Preferably, according to the method, wherein step 2) comprises:

inputting a random value generated based on noise as the plane coordinate into the generating network G to generate a logging attribute value corresponding to the plane coordinate as the dummy data by the generating network G based on its current parameter and the plane coordinate.

Preferably, according to the method, wherein step 1) comprises: and reducing the dimension of the data of one logging attribute at different depths based on a PCA algorithm.

Preferably, according to the method, wherein step 1) comprises: data for a well log attribute at different depths is down sampled.

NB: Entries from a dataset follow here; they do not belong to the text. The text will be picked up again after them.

text \<open>For \<open>x \<in> M\<close> pick \<open>z\<^sub>n \<in> A\<^sub>n\<close> with \<open>z\<^sub>n \<rightarrow> x\<close>. By (iii) the points \<open>\<phi>\<^sub>n(z\<^sub>n)\<close>
  form a Cauchy sequence, and \<open>\<Phi>(x)\<close> is its limit. Since the \<open>\<phi>\<^sub>n\<close> distort distances by
  errors tending to 0, limits of sequences \<open>\<phi>\<^sub>n(u\<^sub>n)\<close> and \<open>\<phi>\<^sub>n(v\<^sub>n)\<close> lie at the same distance
  as the limits of \<open>u\<^sub>n\<close> and \<open>v\<^sub>n\<close>. This one fact shows that \<open>\<Phi>\<close> is an isometry, that
  \<open>\<Phi>(a\<^sub>i) = b\<^sub>i\<close> by (ii), and, applied to a convergent subsequence of points \<open>u\<^sub>n \<in> A\<^sub>n\<close> with
  \<open>\<phi>\<^sub>n(u\<^sub>n) \<rightarrow> w\<close> given by (iv) and compactness, that every \<open>w \<in> M\<close> is a value of \<open>\<Phi>\<close>.\<close>

lemma tendsto_if_dist_le:
  assumes "\<And>k. dist (f k) L \<le> e k" and "(e \<longlongrightarrow> 0) F"
  shows "(f \<longlongrightarrow> L) F"
proof (rule metric_tendsto_imp_tendsto[OF assms(2)])
  have "dist (f k) L \<le> dist (e k) 0" for k
    using order_trans[OF assms(1) abs_ge_self] by (simp add: dist_real_def)
  then show "\<forall>\<^sub>F k in F. dist (f k) L \<le> dist (e k) 0"
    by simp
qed

lemma Cauchy_if_dist_le_add:
  fixes X :: "nat \<Rightarrow> 'a::metric_space"
  assumes "\<And>m n. dist (X m) (X n) \<le> e m + e n" and "e \<longlonglongrightarrow> 0"
  shows "Cauchy X"
proof (rule metric_CauchyI)
  fix r :: real assume "0 < r"
  then have "\<forall>\<^sub>F n in sequentially. e n < r / 2"
    using assms(2) by (intro order_tendstoD(2)) auto
  then obtain N where N: "\<And>n. n \<ge> N \<Longrightarrow> e n < r / 2"
    by (auto simp: eventually_sequentially)
  show "\<exists>N. \<forall>m\<ge>N. \<forall>n\<ge>N. dist (X m) (X n) < r"
  proof (intro exI allI impI)
    fix m n assume "m \<ge> N" "n \<ge> N"
    then show "dist (X m) (X n) < r"
      using assms(1)[of m n] N[of m] N[of n] by linarith
  qed
qed

lemma dist_limits_eq:
  assumes "F \<noteq> bot"
    and "(x \<longlongrightarrow> x0) F" "(y \<longlongrightarrow> y0) F" "(u \<longlongrightarrow> u0) F" "(v \<longlongrightarrow> v0) F"
    and "\<And>k. \<bar>dist (x k) (y k) - dist (u k) (v k)\<bar> \<le> e k" and "(e \<longlongrightarrow> 0) F"
  shows "dist u0 v0 = dist x0 y0"
proof -
  have "((\<lambda>k. dist (x k) (y k) - dist (u k) (v k)) \<longlongrightarrow> dist x0 y0 - dist u0 v0) F"
    using assms(2-5) by (intro tendsto_intros)
  moreover have "((\<lambda>k. dist (x k) (y k) - dist (u k) (v k)) \<longlongrightarrow> 0) F"
    by (rule tendsto_if_dist_le[OF _ assms(7)]) (use assms(6) in \<open>simp add: dist_real_def\<close>)
  ultimately have "dist x0 y0 - dist u0 v0 = 0"
    by (rule tendsto_unique[OF assms(1)])
  then show ?thesis
    by simp
qed

locale approx_isometry_system =
  fixes M :: "'a::metric_space set" and A :: "nat \<Rightarrow> 'a set"
    and \<phi> :: "nat \<Rightarrow> 'a \<Rightarrow> 'a" and \<epsilon> :: "nat \<Rightarrow> real"
  assumes complete: "complete M"
    and A_dense: "x \<in> M \<Longrightarrow> \<exists>z\<in>A n. dist x z \<le> \<epsilon> n"
    and \<phi>_in_M: "z \<in> A n \<Longrightarrow> \<phi> n z \<in> M"
    and \<phi>_dist: "y \<in> A m \<Longrightarrow> z \<in> A n \<Longrightarrow> \<bar>dist y z - dist (\<phi> m y) (\<phi> n z)\<bar> \<le> \<epsilon> m + \<epsilon> n"
    and \<epsilon>_tendsto: "\<epsilon> \<longlonglongrightarrow> 0"
begin

lemma twice_\<epsilon>_tendsto: "(\<lambda>n. 2 * \<epsilon> n) \<longlonglongrightarrow> 0"
  using tendsto_mult_right_zero[OF \<epsilon>_tendsto] .

definition approx_point :: "nat \<Rightarrow> 'a \<Rightarrow> 'a" where
  "approx_point n x = (SOME z. z \<in> A n \<and> dist x z \<le> \<epsilon> n)"

lemma approx_point:
  assumes "x \<in> M"
  shows "approx_point n x \<in> A n" and "dist x (approx_point n x) \<le> \<epsilon> n"
proof -
  have "\<exists>z. z \<in> A n \<and> dist x z \<le> \<epsilon> n"
    using A_dense[OF assms] by blast
  then have "approx_point n x \<in> A n \<and> dist x (approx_point n x) \<le> \<epsilon> n"
    unfolding approx_point_def by (rule someI_ex)
  then show "approx_point n x \<in> A n" and "dist x (approx_point n x) \<le> \<epsilon> n"
    by auto
qed

lemma approx_point_tendsto: "x \<in> M \<Longrightarrow> (\<lambda>n. approx_point n x) \<longlonglongrightarrow> x"
  by (rule tendsto_if_dist_le[OF _ \<epsilon>_tendsto]) (simp add: approx_point dist_commute)

lemma Cauchy_image_approx_point:
  assumes "x \<in> M"
  shows "Cauchy (\<lambda>n. \<phi> n (approx_point n x))"
proof (rule Cauchy_if_dist_le_add[OF _ twice_\<epsilon>_tendsto])
  fix m n
  have "dist (approx_point m x) (approx_point n x) \<le> \<epsilon> m + \<epsilon> n"
    using dist_triangle3[of "approx_point m x" "approx_point n x" x]
      approx_point(2)[OF assms, of m] approx_point(2)[OF assms, of n] by linarith
  then show "dist (\<phi> m (approx_point m x)) (\<phi> n (approx_point n x)) \<le> 2 * \<epsilon> m + 2 * \<epsilon> n"
    using \<phi>_dist[OF approx_point(1)[OF assms, of m] approx_point(1)[OF assms, of n]] by linarith
qed

definition limit_map :: "'a \<Rightarrow> 'a" where
  "limit_map x = lim (\<lambda>n. \<phi> n (approx_point n x))"

lemma limit_map:
  assumes "x \<in> M"
  shows "limit_map x \<in> M" and "(\<lambda>n. \<phi> n (approx_point n x)) \<longlonglongrightarrow> limit_map x"
proof -
  have "\<forall>n. \<phi> n (approx_point n x) \<in> M"
    using \<phi>_in_M approx_point(1)[OF assms] by blast
  then obtain l where "l \<in> M" and l: "(\<lambda>n. \<phi> n (approx_point n x)) \<longlonglongrightarrow> l"
    by (rule completeE[OF complete _ Cauchy_image_approx_point[OF assms]])
  moreover from l have "limit_map x = l"
    unfolding limit_map_def by (rule limI)
  ultimately show "limit_map x \<in> M" and "(\<lambda>n. \<phi> n (approx_point n x)) \<longlonglongrightarrow> limit_map x"
    by simp_all
qed

lemma dist_limit_map:
  assumes "x \<in> M" and "y \<in> M"
  shows "dist (limit_map x) (limit_map y) = dist x y"
proof (rule dist_limits_eq[OF _ approx_point_tendsto[OF assms(1)] approx_point_tendsto[OF assms(2)]
      limit_map(2)[OF assms(1)] limit_map(2)[OF assms(2)] _ twice_\<epsilon>_tendsto])
  fix k
  show "\<bar>dist (approx_point k x) (approx_point k y)
      - dist (\<phi> k (approx_point k x)) (\<phi> k (approx_point k y))\<bar> \<le> 2 * \<epsilon> k"
    using \<phi>_dist[OF approx_point(1)[OF assms(1), of k] approx_point(1)[OF assms(2), of k]] by simp
qed simp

Preferably, the method according to, wherein the logging property of step 1) is selected from the group consisting of: CARB, CLLB, VAC, VAF90, VAT10, VAT20, VAT30, VAT60, VAT90, VCA, VCILD, VGR, VKRO, VKRW, VPERM, VPOR, VSH, VSP, VSPC, VSW, VSWIR, VSXO, DEN, SPC, RT, RM, SW, SOR, POR, PORT.

A method of reconstructing well log data based on a model generated by any one of the methods above, comprising:

1) inputting the plane coordinates of the area to be predicted into the obtained generation network G;

2) and generating a logging attribute value corresponding to the plane coordinate of the area to be predicted by the generation network G.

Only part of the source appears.